Ok, now we know what each of the columns represents.

The columns we are looking for are called `CANDNAME` and `TOTALPAY`. Now that we have this list, we should be able to figure out which of the values in each record lines up with those column names.

## Loop Over the Records to Find the Names and Payments

The data records are contained in `data['data']`. Recall that the first (`0`-th) one is more of a header and should be skipped over.

Loop over the records in `data['data']` and extract the name and total payment from the city. Make sure you convert the total payment to a float, then make a tuple representing that candidate. Append the tuple to an overall list of results called `candidate_total_payments`.

In [24]:
# Your code here (create more cells as needed)
name_index = column_names.index("CANDNAME")
total_payments_index = column_names.index("TOTALPAY")

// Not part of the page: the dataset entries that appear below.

lemma is_TkRDF_iff:
  "is_TkRDF k V A f \<longleftrightarrow> is_kRDF k V A f \<and>
     (\<forall>v\<in>V. f v \<noteq> {} \<longrightarrow> (\<exists>u\<in>V. f u \<noteq> {} \<and> ((u, v) \<in> A \<or> (v, u) \<in> A)))"
  unfolding is_TkRDF_def no_isolated_def isolated_def induced_arcs_def Let_def by blast

lemma gamma_rk_le_gamma_trk:
  assumes "is_TkRDF k V A f"
  shows "gamma_rk k V A \<le> gamma_trk k V A"
proof -
  obtain g where g: "is_TkRDF k V A g" "weight V g = gamma_trk k V A"
    using gamma_trk_attained[OF assms] by blast
  from g(1) have "is_kRDF k V A g" by (simp add: is_TkRDF_iff)
  from gamma_rk_le[OF this] g(2) show ?thesis by simp
qed

section \<open>Lower bounds on the weight of a rainbow dominating function\<close>

lemma digraph_in_nbrs_subset: "digraph V A \<Longrightarrow> in_nbrs A v \<subseteq> V"
  by (auto simp: digraph_def in_nbrs_def)

lemma is_kRDF_card_ge_1:
  assumes "is_kRDF k V A f" "v \<in> V" "f v \<noteq> {}"
  shows "1 \<le> card (f v)"
proof -
  have "f v \<subseteq> {1..k}" using assms(1,2) by (simp add: is_kRDF_def)
  then have "finite (f v)" by (rule finite_subset) simp
  with assms(3) show ?thesis by (simp add: Suc_le_eq card_gt_0_iff)
qed

lemma is_kRDF_weight_ge_card:
  assumes "is_kRDF k V A f" "\<forall>v\<in>V. f v \<noteq> {}"
  shows "card V \<le> weight V f"
proof -
  have "card V = (\<Sum>v\<in>V. 1)" by simp
  also have "\<dots> \<le> (\<Sum>v\<in>V. card (f v))"
    by (rule sum_mono) (use is_kRDF_card_ge_1[OF assms(1)] assms(2) in auto)
  finally show ?thesis by (simp add: weight_def)
qed
lemma inv_cbinom_series_ode:
  assumes w: "\<bar>w\<bar> < 4"
  shows "w * (4 - w) * inv_cbinom_series' w = (w + 2) * inv_cbinom_series w - 2"
proof -
  define F where "F = inv_cbinom_series w"
  define W where "W = w * inv_cbinom_series' w"
  define f where "f n = inv_cbinom n * w ^ n" for n
  define g where "g n = real n * inv_cbinom n * w ^ n" for n
  have f: "f sums F" and g: "g sums W"
    unfolding f_def g_def F_def W_def
    using sums_inv_cbinom_series sums_of_nat_times_inv_cbinom w by auto
  have "f 0 = 1" "g 0 = 0" unfolding f_def g_def inv_cbinom_def by simp_all
  then have "(\<lambda>n. f (Suc n)) sums (F - 1)" "(\<lambda>n. g (Suc n)) sums W"
    using f g sums_Suc_iff[of f] sums_Suc_iff[of g] by simp_all
  then have "(\<lambda>n. 4 * g (Suc n) - 2 * f (Suc n)) sums (4 * W - 2 * (F - 1))"
    by (intro sums_diff sums_mult)
  moreover have "(\<lambda>n. w * g n + w * f n) sums (w * W + w * F)"
    using f g by (intro sums_add sums_mult)
  moreover have "4 * g (Suc n) - 2 * f (Suc n) = w * g n + w * f n" for n
  proof -
    have "4 * g (Suc n) - 2 * f (Suc n) = 2 * (2 * real n + 1) * inv_cbinom (Suc n) * w ^ Suc n"
      unfolding f_def g_def by (simp add: algebra_simps)
    also have "\<dots> = real (Suc n) * inv_cbinom n * w ^ Suc n"
      by (simp only: inv_cbinom_Suc)
    finally show ?thesis unfolding f_def g_def by (simp add: algebra_simps)
  qed
  ultimately have "4 * W - 2 * (F - 1) = w * W + w * F"
    using sums_unique2 by force
  then show ?thesis unfolding F_def W_def by (simp add: algebra_simps)
qed

lemma sums_affine_inv_cbinom:
  assumes "\<bar>w\<bar> < 4"
  shows "(\<lambda>n. (c * real n + d) * inv_cbinom n * w ^ n) sums
           (c * ((w + 2) * inv_cbinom_series w - 2) / (4 - w) + d * inv_cbinom_series w)"
proof -
  have "(\<lambda>n. c * (real n * inv_cbinom n * w ^ n) + d * (inv_cbinom n * w ^ n)) sums
          (c * (w * inv_cbinom_series' w) + d * inv_cbinom_series w)"
    using assms by (intro sums_add sums_mult sums_of_nat_times_inv_cbinom sums_inv_cbinom_series)
  moreover have "w * inv_cbinom_series' w = ((w + 2) * inv_cbinom_series w - 2) / (4 - w)"
    using inv_cbinom_series_ode[OF assms] assms by (simp add: field_simps)
  ultimately show ?thesis by (simp add: algebra_simps)
qed

lemma eq_linear_if_times_deriv_eq:
  fixes N N' :: "real \<Rightarrow> real"
  assumes deriv: "\<And>t. 0 \<le> t \<Longrightarrow> t < b \<Longrightarrow> (N has_real_derivative N' t) (at t)"
    and N0: "N 0 = 0"
    and euler: "\<And>t. 0 < t \<Longrightarrow> t < b \<Longrightarrow> t * N' t = N t"
    and s: "0 < s" "s < b"
  shows "N s = N' 0 * s"
proof -
  have quotient_const: "N t / t = N s / s" if "t \<in> {0<..<b}" for t
  proof (rule DERIV_isconst3[of 0 b t s "\<lambda>t. N t / t"])
    fix u :: real assume u: "u \<in> {0<..<b}"
    have "((\<lambda>t. N t / t) has_real_derivative (N' u * u - N u * 1) / (u * u)) (at u)"
      using u by (intro DERIV_divide deriv DERIV_ident) auto
    moreover have "N' u * u - N u * 1 = 0" using euler[of u] u by (simp add: mult.commute)
    ultimately show "((\<lambda>t. N t / t) has_real_derivative 0) (at u)" by simp
  qed (use that s in auto)
  have "((\<lambda>t. (N t - N 0) / (t - 0)) \<longlongrightarrow> N' 0) (at 0)"
    using deriv[of 0] s unfolding has_field_derivative_iff by simp
  then have lim: "((\<lambda>t. N t / t) \<longlongrightarrow> N' 0) (at_right 0)"
    by (simp add: N0 filterlim_at_split)
  have "0 < b" using s by simp
  then have "eventually (\<lambda>t. N t / t = N s / s) (at_right 0)"
    by (rule eventually_at_right_real[THEN eventually_mono]) (rule quotient_const)
  from iffD1[OF tendsto_cong[OF this] lim]
  have "((\<lambda>t. N s / s) \<longlongrightarrow> N' 0) (at_right (0::real))" .
  then have "N s / s = N' 0" by (simp add: tendsto_const_iff)
  then show ?thesis using s by (simp add: field_simps)
qed

lemma abs_mult_sq_less_4:
  fixes e t :: real
  assumes "\<bar>e\<bar> \<le> 1" "0 \<le> t" "t < 2"
  shows "\<bar>e * t\<^sup>2\<bar> < 4"
proof -
  have "\<bar>e * t\<^sup>2\<bar> \<le> t\<^sup>2" using assms(1) by (simp add: abs_mult mult_left_le_one_le)
  also have "t\<^sup>2 < 2\<^sup>2" using assms(2,3) by (intro power_strict_mono) auto
  finally show ?thesis by simp
qed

print("The candidate name is at index", name_index)
print("The total payment amount is at index", total_payments_index)

The candidate name is at index 10
The total payment amount is at index 18


In [29]:
candidate_total_payments = []

for record in data['data'][1:]:
    name = record[name_index]
    total_payments = float(record[total_payments_index])
    candidate_total_payments.append((name, total_payments))

In [25]:
# Run this cell without changes

# There should be 284 records
assert len(candidate_total_payments) == 284

# Each record should contain a tuple
assert type(candidate_total_payments[0]) == tuple

# That tuple should contain a string and a number
assert len(candidate_total_payments[0]) == 2
assert type(candidate_total_payments[0][0]) == str
assert type(candidate_total_payments[0][1]) == float

NameError: name 'candidate_total_payments' is not defined

Now that we have this result, we can answer questions like: *which candidates received the most total payments from the city*?

In [None]:
# Run this cell without changes

# Print the top 10 candidates by total payments
sorted(candidate_total_payments, key=lambda x: x[1], reverse=True)[:10]

Since you found all of the column names, it is also possible to display all of the data in a nice tabular format using pandas. That code would look like this:

In [None]:
# Run this cell without changes

import pandas as pd

pd.DataFrame(data=data['data'][1:], columns=column_names)

## Summary

Congratulations! You've started exploring some more JSON data structures used for the web and got to practice data munging and exploring!